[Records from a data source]
=== Section Start ===

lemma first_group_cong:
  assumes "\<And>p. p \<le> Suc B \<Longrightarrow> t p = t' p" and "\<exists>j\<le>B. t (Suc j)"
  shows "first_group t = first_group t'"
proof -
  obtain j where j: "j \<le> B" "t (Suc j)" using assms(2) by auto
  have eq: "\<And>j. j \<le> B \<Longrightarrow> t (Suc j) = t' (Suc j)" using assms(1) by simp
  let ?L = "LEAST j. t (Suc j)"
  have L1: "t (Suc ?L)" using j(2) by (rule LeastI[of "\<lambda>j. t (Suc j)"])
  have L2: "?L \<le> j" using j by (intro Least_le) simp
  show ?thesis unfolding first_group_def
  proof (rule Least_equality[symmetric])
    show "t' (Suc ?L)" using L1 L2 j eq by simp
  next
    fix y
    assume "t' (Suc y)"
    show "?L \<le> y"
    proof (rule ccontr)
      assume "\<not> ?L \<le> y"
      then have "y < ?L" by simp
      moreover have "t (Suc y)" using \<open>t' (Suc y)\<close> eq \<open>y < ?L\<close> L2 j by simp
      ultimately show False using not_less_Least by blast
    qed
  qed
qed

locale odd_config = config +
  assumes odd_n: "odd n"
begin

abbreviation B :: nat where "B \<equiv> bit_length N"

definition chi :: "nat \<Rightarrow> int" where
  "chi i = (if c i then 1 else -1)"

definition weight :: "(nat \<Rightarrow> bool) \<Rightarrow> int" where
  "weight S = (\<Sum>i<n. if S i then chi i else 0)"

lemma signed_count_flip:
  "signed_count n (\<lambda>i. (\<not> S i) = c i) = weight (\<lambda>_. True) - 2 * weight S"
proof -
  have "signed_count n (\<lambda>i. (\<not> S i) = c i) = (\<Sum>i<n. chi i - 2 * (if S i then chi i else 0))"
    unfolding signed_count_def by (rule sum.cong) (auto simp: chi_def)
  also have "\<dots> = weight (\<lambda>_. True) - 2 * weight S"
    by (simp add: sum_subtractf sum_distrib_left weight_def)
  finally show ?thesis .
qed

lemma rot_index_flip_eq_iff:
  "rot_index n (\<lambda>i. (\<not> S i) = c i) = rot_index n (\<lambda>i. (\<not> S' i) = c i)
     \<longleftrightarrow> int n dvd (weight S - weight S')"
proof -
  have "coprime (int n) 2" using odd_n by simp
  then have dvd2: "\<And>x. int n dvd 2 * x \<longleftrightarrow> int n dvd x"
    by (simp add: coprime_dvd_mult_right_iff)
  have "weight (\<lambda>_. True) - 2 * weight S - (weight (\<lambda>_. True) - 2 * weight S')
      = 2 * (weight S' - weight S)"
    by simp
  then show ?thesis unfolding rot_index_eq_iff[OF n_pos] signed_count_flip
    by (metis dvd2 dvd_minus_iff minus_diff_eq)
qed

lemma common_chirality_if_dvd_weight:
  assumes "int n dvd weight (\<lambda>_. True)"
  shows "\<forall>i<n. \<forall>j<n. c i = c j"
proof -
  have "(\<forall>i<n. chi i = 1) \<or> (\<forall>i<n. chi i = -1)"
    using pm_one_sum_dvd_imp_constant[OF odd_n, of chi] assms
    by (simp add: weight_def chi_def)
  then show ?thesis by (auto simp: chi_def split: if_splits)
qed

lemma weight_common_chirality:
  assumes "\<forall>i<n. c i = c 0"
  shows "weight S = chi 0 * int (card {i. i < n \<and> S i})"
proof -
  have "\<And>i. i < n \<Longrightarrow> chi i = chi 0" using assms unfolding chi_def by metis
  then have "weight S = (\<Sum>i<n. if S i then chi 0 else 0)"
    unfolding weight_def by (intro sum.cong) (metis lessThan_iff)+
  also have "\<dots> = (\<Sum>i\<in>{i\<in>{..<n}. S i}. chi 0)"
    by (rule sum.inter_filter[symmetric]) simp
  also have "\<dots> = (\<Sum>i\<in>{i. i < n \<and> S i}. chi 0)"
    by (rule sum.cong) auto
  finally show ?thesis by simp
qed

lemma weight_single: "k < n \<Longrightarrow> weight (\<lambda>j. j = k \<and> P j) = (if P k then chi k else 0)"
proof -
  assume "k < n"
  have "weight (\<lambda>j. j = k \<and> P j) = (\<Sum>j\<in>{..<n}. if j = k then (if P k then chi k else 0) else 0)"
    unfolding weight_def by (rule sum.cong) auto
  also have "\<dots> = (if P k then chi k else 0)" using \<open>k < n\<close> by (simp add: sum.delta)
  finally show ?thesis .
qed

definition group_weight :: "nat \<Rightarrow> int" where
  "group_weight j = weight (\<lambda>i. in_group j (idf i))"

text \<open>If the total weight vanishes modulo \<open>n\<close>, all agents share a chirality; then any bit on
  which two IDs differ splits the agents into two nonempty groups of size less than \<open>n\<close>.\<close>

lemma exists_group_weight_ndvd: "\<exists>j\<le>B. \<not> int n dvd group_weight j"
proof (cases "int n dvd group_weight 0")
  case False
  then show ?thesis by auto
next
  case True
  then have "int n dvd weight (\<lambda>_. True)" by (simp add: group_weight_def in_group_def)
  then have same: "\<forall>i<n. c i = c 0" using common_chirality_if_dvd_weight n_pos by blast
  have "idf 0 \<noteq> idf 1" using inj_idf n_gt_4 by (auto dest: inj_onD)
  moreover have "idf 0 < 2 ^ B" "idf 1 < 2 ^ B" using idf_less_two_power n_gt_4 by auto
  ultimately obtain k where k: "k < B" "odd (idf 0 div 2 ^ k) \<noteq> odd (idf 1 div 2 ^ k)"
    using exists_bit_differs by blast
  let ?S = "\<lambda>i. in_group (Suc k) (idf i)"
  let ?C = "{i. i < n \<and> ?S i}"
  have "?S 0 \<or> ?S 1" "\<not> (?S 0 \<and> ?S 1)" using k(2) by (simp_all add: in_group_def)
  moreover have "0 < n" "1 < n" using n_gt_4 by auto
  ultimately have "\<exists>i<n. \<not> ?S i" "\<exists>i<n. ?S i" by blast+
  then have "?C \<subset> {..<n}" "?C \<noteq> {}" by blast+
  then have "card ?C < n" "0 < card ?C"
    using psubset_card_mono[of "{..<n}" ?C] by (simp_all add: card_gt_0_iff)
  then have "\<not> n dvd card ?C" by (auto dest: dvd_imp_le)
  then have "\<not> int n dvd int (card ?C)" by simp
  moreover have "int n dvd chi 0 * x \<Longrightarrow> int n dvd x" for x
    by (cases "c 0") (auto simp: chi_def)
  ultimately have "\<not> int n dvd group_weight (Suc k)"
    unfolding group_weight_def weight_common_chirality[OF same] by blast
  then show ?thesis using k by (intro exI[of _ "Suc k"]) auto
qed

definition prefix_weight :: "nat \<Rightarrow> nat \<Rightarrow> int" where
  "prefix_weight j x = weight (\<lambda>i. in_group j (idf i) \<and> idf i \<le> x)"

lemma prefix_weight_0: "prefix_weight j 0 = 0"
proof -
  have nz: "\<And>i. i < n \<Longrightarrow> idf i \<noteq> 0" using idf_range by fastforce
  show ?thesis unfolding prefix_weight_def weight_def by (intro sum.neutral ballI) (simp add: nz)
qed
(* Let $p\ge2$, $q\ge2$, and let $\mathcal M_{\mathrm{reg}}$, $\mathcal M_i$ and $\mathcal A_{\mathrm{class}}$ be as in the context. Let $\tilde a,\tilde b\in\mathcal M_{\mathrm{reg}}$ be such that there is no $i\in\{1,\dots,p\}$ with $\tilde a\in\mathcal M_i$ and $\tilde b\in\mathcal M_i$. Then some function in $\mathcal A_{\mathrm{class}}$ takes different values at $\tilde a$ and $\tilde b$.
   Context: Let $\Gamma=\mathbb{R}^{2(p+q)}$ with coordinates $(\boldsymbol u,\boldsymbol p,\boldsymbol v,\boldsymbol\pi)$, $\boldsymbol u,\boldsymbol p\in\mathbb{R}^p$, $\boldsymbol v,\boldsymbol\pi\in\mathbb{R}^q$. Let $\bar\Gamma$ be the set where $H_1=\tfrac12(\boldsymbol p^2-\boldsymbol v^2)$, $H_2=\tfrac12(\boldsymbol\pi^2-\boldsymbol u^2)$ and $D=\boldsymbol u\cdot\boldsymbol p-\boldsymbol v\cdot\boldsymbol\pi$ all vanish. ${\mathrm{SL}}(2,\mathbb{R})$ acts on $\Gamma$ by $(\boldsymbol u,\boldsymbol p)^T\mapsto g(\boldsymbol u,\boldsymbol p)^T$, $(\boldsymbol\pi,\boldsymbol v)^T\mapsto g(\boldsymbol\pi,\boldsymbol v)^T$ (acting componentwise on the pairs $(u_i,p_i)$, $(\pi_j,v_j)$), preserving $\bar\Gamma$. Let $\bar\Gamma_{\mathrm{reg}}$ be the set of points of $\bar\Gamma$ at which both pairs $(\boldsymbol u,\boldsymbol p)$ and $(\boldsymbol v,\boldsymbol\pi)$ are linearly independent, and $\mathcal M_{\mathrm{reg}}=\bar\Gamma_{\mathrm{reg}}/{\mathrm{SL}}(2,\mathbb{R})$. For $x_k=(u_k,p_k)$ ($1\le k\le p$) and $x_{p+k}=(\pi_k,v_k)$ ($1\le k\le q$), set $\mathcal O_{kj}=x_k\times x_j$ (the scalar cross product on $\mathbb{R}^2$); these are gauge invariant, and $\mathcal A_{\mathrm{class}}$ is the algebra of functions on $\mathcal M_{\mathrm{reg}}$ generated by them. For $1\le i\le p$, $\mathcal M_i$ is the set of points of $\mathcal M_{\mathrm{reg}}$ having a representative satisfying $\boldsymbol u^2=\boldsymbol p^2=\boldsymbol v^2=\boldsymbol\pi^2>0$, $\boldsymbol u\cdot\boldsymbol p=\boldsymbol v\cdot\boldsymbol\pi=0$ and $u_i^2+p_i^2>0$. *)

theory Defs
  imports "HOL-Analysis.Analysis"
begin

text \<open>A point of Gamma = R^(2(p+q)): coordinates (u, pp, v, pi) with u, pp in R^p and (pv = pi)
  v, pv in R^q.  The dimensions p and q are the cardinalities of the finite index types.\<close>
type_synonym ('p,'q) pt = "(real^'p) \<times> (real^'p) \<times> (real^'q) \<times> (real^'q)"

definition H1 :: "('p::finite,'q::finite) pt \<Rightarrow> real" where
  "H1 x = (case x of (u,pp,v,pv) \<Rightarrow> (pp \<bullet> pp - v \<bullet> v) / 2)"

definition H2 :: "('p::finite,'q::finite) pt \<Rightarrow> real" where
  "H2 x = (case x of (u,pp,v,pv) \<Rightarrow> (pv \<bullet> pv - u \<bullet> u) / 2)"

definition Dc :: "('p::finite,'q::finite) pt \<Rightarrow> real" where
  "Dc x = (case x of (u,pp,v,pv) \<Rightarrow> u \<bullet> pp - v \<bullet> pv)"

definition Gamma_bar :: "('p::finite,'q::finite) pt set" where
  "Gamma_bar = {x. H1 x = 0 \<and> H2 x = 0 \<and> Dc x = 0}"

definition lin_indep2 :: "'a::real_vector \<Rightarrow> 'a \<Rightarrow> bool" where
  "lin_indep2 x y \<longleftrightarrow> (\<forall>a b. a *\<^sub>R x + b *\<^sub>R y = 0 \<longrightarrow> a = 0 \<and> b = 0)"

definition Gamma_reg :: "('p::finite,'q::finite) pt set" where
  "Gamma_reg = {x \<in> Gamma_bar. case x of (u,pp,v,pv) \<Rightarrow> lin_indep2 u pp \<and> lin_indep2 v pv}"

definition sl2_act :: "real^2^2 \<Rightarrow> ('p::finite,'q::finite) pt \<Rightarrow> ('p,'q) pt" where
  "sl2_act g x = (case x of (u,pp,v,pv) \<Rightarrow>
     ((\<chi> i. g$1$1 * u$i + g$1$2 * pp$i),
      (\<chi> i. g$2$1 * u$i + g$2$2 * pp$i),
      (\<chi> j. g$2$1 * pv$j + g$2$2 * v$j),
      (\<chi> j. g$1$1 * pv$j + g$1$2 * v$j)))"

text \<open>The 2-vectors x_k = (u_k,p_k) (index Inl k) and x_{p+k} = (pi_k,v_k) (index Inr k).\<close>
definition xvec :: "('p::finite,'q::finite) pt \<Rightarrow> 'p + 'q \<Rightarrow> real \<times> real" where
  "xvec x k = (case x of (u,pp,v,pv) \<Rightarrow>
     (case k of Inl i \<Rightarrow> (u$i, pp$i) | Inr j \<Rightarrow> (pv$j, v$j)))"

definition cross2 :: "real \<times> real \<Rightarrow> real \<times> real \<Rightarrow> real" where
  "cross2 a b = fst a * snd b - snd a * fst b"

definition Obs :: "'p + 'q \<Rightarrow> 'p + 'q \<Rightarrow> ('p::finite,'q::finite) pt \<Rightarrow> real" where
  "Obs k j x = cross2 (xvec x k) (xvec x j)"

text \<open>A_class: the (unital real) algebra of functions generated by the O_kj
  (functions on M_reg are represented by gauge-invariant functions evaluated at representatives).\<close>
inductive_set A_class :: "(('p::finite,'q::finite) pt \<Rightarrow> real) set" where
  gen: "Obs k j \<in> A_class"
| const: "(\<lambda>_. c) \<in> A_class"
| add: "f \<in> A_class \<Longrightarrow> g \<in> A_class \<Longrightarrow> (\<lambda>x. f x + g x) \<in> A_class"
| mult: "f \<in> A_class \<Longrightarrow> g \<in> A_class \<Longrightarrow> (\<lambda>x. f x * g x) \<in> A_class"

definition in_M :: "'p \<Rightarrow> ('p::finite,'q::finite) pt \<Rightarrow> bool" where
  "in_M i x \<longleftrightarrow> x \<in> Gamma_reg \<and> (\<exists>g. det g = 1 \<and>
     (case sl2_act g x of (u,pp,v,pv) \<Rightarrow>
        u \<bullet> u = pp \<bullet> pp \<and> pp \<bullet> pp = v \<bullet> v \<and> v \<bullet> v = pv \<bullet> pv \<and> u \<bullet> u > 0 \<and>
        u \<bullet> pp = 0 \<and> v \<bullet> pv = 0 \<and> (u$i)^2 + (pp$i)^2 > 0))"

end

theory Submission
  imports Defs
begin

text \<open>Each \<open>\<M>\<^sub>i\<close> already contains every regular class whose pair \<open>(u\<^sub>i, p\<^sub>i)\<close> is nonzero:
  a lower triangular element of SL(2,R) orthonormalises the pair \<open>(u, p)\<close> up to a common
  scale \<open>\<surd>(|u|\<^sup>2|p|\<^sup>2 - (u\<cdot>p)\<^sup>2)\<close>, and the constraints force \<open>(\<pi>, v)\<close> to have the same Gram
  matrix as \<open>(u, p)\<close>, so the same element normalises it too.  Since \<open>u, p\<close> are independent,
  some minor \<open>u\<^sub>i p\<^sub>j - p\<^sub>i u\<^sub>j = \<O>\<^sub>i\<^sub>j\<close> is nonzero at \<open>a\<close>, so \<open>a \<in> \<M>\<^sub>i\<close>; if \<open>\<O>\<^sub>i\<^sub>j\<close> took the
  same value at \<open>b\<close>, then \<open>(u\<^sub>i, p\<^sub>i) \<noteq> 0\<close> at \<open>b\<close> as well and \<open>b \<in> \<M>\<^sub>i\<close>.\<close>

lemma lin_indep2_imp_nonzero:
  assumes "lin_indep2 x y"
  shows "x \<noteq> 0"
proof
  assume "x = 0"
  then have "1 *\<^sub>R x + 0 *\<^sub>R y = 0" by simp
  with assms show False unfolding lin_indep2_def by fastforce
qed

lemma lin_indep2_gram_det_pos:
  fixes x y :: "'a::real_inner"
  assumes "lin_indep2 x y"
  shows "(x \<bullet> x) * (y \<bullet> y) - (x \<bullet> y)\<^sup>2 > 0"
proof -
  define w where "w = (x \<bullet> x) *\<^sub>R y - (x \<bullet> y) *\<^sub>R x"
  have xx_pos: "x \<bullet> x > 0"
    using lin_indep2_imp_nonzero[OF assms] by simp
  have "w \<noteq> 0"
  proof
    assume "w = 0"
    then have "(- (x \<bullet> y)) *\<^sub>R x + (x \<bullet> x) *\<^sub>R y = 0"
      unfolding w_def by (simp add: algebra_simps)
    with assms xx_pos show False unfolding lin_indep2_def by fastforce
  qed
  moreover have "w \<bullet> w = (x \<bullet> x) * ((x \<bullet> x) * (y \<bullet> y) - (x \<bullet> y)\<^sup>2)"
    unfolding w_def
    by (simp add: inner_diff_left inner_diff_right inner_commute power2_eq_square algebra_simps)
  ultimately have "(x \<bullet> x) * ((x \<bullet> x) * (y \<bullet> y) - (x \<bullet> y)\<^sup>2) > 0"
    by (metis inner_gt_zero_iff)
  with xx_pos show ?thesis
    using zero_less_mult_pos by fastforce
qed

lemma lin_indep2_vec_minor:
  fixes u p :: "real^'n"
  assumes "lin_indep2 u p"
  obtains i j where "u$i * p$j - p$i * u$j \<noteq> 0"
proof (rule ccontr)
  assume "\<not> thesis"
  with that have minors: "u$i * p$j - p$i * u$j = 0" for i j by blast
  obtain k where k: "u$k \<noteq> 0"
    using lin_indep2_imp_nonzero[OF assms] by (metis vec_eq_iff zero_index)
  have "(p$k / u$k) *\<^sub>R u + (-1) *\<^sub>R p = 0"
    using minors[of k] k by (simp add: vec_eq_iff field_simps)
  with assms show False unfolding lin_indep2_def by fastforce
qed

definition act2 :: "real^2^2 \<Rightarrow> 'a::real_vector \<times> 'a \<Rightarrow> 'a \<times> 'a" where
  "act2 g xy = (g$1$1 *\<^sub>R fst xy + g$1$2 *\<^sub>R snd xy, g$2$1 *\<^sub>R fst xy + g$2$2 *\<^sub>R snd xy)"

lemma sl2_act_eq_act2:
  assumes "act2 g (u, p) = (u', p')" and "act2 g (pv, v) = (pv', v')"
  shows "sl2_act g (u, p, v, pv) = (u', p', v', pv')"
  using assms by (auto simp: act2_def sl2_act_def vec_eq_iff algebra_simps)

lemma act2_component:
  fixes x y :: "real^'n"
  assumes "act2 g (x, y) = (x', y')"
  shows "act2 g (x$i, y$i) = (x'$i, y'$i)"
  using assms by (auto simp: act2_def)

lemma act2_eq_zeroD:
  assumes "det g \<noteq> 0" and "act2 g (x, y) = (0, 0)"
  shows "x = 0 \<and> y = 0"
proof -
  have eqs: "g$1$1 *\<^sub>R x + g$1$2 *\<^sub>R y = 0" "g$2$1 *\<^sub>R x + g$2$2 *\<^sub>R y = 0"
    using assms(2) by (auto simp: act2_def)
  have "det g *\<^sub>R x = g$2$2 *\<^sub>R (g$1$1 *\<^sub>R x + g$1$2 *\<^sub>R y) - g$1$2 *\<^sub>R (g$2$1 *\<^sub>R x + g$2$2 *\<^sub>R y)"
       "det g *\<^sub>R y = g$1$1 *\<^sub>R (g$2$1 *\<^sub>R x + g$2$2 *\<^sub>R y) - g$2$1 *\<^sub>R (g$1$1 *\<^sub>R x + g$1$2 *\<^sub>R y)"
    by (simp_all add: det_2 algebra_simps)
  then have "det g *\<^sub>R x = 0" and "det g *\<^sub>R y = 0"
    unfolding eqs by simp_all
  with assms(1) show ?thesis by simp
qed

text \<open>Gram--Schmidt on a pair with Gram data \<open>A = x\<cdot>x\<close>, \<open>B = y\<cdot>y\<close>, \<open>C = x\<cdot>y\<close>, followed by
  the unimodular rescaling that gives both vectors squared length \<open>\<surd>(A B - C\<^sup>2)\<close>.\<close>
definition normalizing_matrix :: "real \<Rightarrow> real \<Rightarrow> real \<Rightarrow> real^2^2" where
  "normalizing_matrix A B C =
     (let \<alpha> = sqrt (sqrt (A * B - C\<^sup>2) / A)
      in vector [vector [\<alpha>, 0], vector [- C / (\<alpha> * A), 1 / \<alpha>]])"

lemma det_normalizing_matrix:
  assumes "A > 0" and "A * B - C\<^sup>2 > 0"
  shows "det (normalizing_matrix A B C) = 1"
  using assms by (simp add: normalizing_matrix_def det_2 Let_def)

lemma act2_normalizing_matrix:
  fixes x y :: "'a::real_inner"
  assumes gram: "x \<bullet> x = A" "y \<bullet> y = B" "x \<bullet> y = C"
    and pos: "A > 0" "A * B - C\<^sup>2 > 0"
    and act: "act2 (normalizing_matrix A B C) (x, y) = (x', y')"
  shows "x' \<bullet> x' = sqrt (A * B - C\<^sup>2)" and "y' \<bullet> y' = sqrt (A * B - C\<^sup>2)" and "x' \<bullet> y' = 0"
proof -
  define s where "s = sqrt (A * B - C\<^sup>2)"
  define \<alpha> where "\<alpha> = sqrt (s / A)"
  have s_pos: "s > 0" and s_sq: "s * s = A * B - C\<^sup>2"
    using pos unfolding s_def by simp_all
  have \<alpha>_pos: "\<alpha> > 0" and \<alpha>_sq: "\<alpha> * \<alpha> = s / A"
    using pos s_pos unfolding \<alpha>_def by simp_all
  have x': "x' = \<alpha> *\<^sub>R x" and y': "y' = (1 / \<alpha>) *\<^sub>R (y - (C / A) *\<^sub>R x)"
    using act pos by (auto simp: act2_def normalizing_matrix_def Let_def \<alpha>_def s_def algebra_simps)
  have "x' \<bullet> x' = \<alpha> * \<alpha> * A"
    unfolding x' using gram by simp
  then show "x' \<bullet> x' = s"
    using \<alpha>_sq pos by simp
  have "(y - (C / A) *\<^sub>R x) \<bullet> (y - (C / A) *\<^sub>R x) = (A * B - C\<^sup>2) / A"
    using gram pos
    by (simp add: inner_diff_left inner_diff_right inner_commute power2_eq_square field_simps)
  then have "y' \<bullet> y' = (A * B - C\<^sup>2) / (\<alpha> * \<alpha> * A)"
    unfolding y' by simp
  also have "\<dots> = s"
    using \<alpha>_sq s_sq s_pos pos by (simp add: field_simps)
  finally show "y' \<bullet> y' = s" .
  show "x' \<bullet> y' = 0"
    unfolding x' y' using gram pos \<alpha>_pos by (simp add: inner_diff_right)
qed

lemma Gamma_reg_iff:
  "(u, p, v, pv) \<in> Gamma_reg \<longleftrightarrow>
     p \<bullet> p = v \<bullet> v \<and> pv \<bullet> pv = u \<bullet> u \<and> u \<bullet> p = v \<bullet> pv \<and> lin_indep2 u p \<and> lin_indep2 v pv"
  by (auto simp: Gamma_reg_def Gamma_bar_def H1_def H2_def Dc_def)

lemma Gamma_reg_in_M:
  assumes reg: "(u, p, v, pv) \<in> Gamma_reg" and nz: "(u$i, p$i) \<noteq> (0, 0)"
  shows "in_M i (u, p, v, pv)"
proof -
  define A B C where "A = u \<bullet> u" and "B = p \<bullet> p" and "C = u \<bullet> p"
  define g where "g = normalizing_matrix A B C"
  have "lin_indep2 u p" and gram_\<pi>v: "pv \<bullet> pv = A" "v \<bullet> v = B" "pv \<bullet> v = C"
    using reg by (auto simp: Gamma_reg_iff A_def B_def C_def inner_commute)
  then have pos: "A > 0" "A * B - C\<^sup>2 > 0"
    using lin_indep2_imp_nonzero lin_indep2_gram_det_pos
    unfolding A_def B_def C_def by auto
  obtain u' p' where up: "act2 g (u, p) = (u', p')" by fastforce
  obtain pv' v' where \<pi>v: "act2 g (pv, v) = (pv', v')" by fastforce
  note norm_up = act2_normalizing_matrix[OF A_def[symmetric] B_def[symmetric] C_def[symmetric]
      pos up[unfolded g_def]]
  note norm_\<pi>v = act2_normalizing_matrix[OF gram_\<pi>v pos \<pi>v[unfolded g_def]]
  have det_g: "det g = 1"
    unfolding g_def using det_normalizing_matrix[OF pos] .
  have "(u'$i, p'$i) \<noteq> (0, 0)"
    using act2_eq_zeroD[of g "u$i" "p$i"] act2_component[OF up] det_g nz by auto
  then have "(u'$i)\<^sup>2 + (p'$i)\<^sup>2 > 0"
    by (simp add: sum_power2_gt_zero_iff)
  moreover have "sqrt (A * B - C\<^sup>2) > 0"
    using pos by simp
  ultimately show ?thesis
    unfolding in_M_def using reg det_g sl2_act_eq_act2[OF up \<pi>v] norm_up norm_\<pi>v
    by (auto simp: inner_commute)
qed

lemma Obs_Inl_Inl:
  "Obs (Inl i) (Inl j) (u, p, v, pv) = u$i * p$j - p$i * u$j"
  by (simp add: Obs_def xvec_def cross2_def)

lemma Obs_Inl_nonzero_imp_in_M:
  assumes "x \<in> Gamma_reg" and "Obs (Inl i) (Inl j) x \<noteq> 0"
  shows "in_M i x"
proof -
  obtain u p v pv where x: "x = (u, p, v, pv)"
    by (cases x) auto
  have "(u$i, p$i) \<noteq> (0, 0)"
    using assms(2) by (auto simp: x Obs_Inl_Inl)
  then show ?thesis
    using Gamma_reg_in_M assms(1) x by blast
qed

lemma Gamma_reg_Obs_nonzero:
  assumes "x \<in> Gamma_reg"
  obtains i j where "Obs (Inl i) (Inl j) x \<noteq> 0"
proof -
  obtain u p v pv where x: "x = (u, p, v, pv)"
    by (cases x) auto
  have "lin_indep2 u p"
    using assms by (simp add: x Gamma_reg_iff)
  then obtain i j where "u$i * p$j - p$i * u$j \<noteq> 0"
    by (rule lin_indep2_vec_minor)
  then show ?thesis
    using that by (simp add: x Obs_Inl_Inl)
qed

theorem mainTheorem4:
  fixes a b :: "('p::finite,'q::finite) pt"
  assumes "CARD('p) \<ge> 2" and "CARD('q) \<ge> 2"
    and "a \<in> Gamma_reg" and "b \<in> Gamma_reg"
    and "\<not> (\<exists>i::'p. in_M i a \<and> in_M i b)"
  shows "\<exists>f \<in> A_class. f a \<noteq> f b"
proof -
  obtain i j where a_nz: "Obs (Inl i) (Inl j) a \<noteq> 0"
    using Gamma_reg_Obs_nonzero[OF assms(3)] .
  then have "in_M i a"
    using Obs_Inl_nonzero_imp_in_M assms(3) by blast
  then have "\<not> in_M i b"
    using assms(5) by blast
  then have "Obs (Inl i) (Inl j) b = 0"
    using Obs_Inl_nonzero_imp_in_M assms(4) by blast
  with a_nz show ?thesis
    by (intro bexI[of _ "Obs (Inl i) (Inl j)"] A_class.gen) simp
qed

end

=== Section End ===

**TASK REQUIREMENTS**
Scan the entries above for the word "vectors" and collect each line holding it.

**RESULT OF THIS TASK**
text \<open>The 2-vectors x_k = (u_k,p_k) (index Inl k) and x_{p+k} = (pi_k,v_k) (index Inr k).\<close>
  the unimodular rescaling that gives both vectors squared length \<open>\<surd>(A B - C\<^sup>2)\<close>.\<close>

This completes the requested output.